The closure wasn't about falling behind. It was about doing things properly. The renovation, overseen by the Korea Heritage Service in partnership with the Korea Heritage Agency, included extensive upgrades to the main hanok building, the annex, and the surrounding gardens. The traditional wooden architecture was preserved — the aesthetic that makes Korea House feel like a completely different era the moment you walk in. What changed was everything underneath: improved visitor flow, upgraded amenities, the kind of work that makes an old building function better without making it feel newer than it should.
The culinary team behind the food is not casual about what they're serving. The kitchen is led by culinary adviser Cho Hee-sook, a former Michelin one-star chef, alongside Kim Do-seop — head of the Korean cuisine research team and a certified practitioner of Joseon royal court cuisine, which is a nationally designated intangible cultural heritage. These are not titles people collect. They represent years of study into historical cookbooks, seasonal ingredient traditions, and preparation methods that most of the world has never heard of.
{img}Last year, Korea House received the top rating from the Blue Ribbon Survey — a well-regarded local restaurant guide — and was named to the "Seoul Gourmet 100" list for the second consecutive year.

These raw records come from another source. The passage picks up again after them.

(* Let $\gamma_1,\gamma_2\in\Psi^+$ be orthogonal roots such that $\{\gamma_1,\gamma_2\}$ is contained in some admissible subset of $\Psi^+$. Then $e_{\gamma_1}e_{\gamma_2}=e_{\gamma_2}e_{\gamma_1}$ in $\mathrm{Br}(\mathrm{F}_4)$.
   Context: $\mathrm{Br}(\mathrm{F}_4)$ is the unital associative $\mathbb Z[\delta^{\pm1}]$-algebra ($\delta$ an indeterminate) generated by $r_1,\dots,r_4,e_1,\dots,e_4$ subject to: $r_i^2=1$, $r_ie_i=e_ir_i=e_i$ for all $i$; $e_i^2=\delta e_i$ for $i\in\{3,4\}$; $e_i^2=\delta^2e_i$ for $i\in\{1,2\}$; for $\{i,j\}\in\{\{1,3\},\{1,4\},\{2,4\}\}$: $r_ir_j=r_jr_i$, $e_ir_j=r_je_i$, $e_ie_j=e_je_i$; for $(i,j)\in\{(1,2),(2,1),(3,4),(4,3)\}$: $r_ir_jr_i=r_jr_ir_j$, $r_jr_ie_j=e_ie_j$, $r_ie_jr_i=r_je_ir_j$; and $r_2r_3r_2r_3=r_3r_2r_3r_2$, $r_2r_3e_2=r_3e_2$, $r_2e_3r_2e_3=e_3e_2e_3$, $(r_2r_3r_2)e_3=e_3(r_2r_3r_2)$, $e_2r_3e_2=\delta e_2$, $e_2e_3e_2=\delta e_2$, $e_2r_3r_2=e_2r_3$, $e_2e_3r_2=e_2e_3$. Roots: $\epsilon_1,\dots,\epsilon_4$ standard basis of $\mathbb R^4$; $\beta_1=\frac12(\epsilon_1-\epsilon_2-\epsilon_3-\epsilon_4)$, $\beta_2=\epsilon_2$, $\beta_3=\epsilon_3-\epsilon_2$, $\beta_4=\epsilon_4-\epsilon_3$; $\Psi=\{\pm\epsilon_i\}\cup\{\pm\epsilon_i\pm\epsilon_j:i<j\}\cup\{\frac12(\pm\epsilon_1\pm\epsilon_2\pm\epsilon_3\pm\epsilon_4)\}$ with positive roots $\Psi^+$ = roots that are nonnegative combinations of the $\beta_i$; a root and its negative are identified when naming positive roots. $W=W(\mathrm{F}_4)$ is generated by $s_i=s_{\beta_i}$, identified with its image in $\mathrm{Br}(\mathrm{F}_4)$ via $s_i\mapsto r_i$; $W$ acts on $\Psi^+$ by $w\cdot\beta=$ the positive one of $\pm w\beta$. For $\beta\in\Psi^+$, $e_\beta:=we_iw^{-1}$ for any $w\in W$, $i\in\{1,\dots,4\}$ with $w\beta_i=\beta$ (this is well defined). Admissible sets: let $\Phi$ be the $\mathrm{E}_6$ root system in a Euclidean space $V$ with simple roots $\alpha_1,\dots,\alpha_6$ of squared length $2$, $(\alpha_i,\alpha_j)=-1$ for $\{i,j\}\in\{\{1,3\},\{3,4\},\{4,5\},\{5,6\},\{2,4\}\}$ and $0$ for other $i\ne j$, positive roots $\Phi^+$. $B\subseteq\Phi^+$ is admissible if its elements are mutually orthogonal and whenever $\gamma_1,\gamma_2,\gamma_3\in B$ are distinct and $\gamma\in\Phi$ has $(\gamma,\gamma_k)\in\{\pm1\}$ ($k=1,2,3$), the positive one of $\pm(2\gamma-\sum_k(\gamma,\gamma_k)\gamma_k)$ lies in $B$. With $\mathfrak p:V\to\mathbb R^4$ linear, $\mathfrak p(\alpha_1)=\mathfrak p(\alpha_6)=\beta_1$, $\mathfrak p(\alpha_3)=\mathfrak p(\alpha_5)=\beta_2$, $\mathfrak p(\alpha_4)=\beta_3$, $\mathfrak p(\alpha_2)=\beta_4$, a set $X\subseteq\Psi^+$ of mutually orthogonal roots is admissible if $\mathfrak p^{-1}(X)\cap\Phi^+$ is admissible. *)

theory Defs
  imports "HOL-Analysis.Analysis"
begin

definition beta :: "nat \<Rightarrow> real^4" where
  "beta i = (if i = 1 then vector [1/2, -1/2, -1/2, -1/2]
             else if i = 2 then vector [0, 1, 0, 0]
             else if i = 3 then vector [0, -1, 1, 0]
             else vector [0, 0, -1, 1])"

definition PsiF4 :: "(real^4) set" where
  "PsiF4 = {v. (\<exists>i. v = axis i 1 \<or> v = - axis i 1)
             \<or> (\<exists>i j a b. i \<noteq> j \<and> a \<in> {-1,1} \<and> b \<in> {-1,1} \<and> v = a *\<^sub>R axis i 1 + b *\<^sub>R axis j 1)
             \<or> (\<forall>i. v $ i \<in> {-1/2, 1/2})}"

definition PsiF4_pos :: "(real^4) set" where
  "PsiF4_pos = {v \<in> PsiF4. \<exists>c :: nat \<Rightarrow> real. (\<forall>i. c i \<ge> 0) \<and> v = (\<Sum>i\<in>{1..4}. c i *\<^sub>R beta i)}"

definition refl4 :: "real^4 \<Rightarrow> real^4 \<Rightarrow> real^4" where
  "refl4 b v = v - (2 * (v \<bullet> b) / (b \<bullet> b)) *\<^sub>R b"

text \<open>the Weyl group element s_{w_1} s_{w_2} ... s_{w_n} given by a word (list of indices in 1..4)\<close>
definition wact :: "nat list \<Rightarrow> real^4 \<Rightarrow> real^4" where
  "wact w v = foldr (\<lambda>i x. refl4 (beta i) x) w v"

definition cartanE6 :: "nat \<Rightarrow> nat \<Rightarrow> int" where
  "cartanE6 i j = (if i = j then 2
     else if {i,j} \<in> {{1,3},{3,4},{4,5},{5,6},{2,4}} then -1 else 0)"

text \<open>elements of V are represented by their coordinates w.r.t. alpha_1..alpha_6\<close>
definition formE6 :: "(nat \<Rightarrow> int) \<Rightarrow> (nat \<Rightarrow> int) \<Rightarrow> int" where
  "formE6 x y = (\<Sum>i\<in>{1..6}. \<Sum>j\<in>{1..6}. x i * cartanE6 i j * y j)"

definition alphaE6 :: "nat \<Rightarrow> (nat \<Rightarrow> int)" where
  "alphaE6 i = (\<lambda>n. if n = i then 1 else 0)"

definition reflE6 :: "nat \<Rightarrow> (nat \<Rightarrow> int) \<Rightarrow> (nat \<Rightarrow> int)" where
  "reflE6 i x = (\<lambda>n. x n - formE6 x (alphaE6 i) * alphaE6 i n)"

inductive_set PhiE6 :: "(nat \<Rightarrow> int) set" where
  simple: "i \<in> {1..6} \<Longrightarrow> alphaE6 i \<in> PhiE6"
| refl: "x \<in> PhiE6 \<Longrightarrow> i \<in> {1..6} \<Longrightarrow> reflE6 i x \<in> PhiE6"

The renovation didn't interrupt that momentum. If anything, the reopening arrives with more to offer.
Going forward, Korea House plans to publish a cookbook documenting its culinary research, introduce a newly designed model for traditional Korean wedding ceremonies, and expand Gohojae — its royal tea and confectionery brand — through collaborations with specialty producers.
Reservations are available through the Catchtable app or by phone. The restaurant operates Tuesday through Saturday.
{img}For anyone visiting Seoul who wants to eat something that can't be found anywhere else in the world — this is the reservation worth making.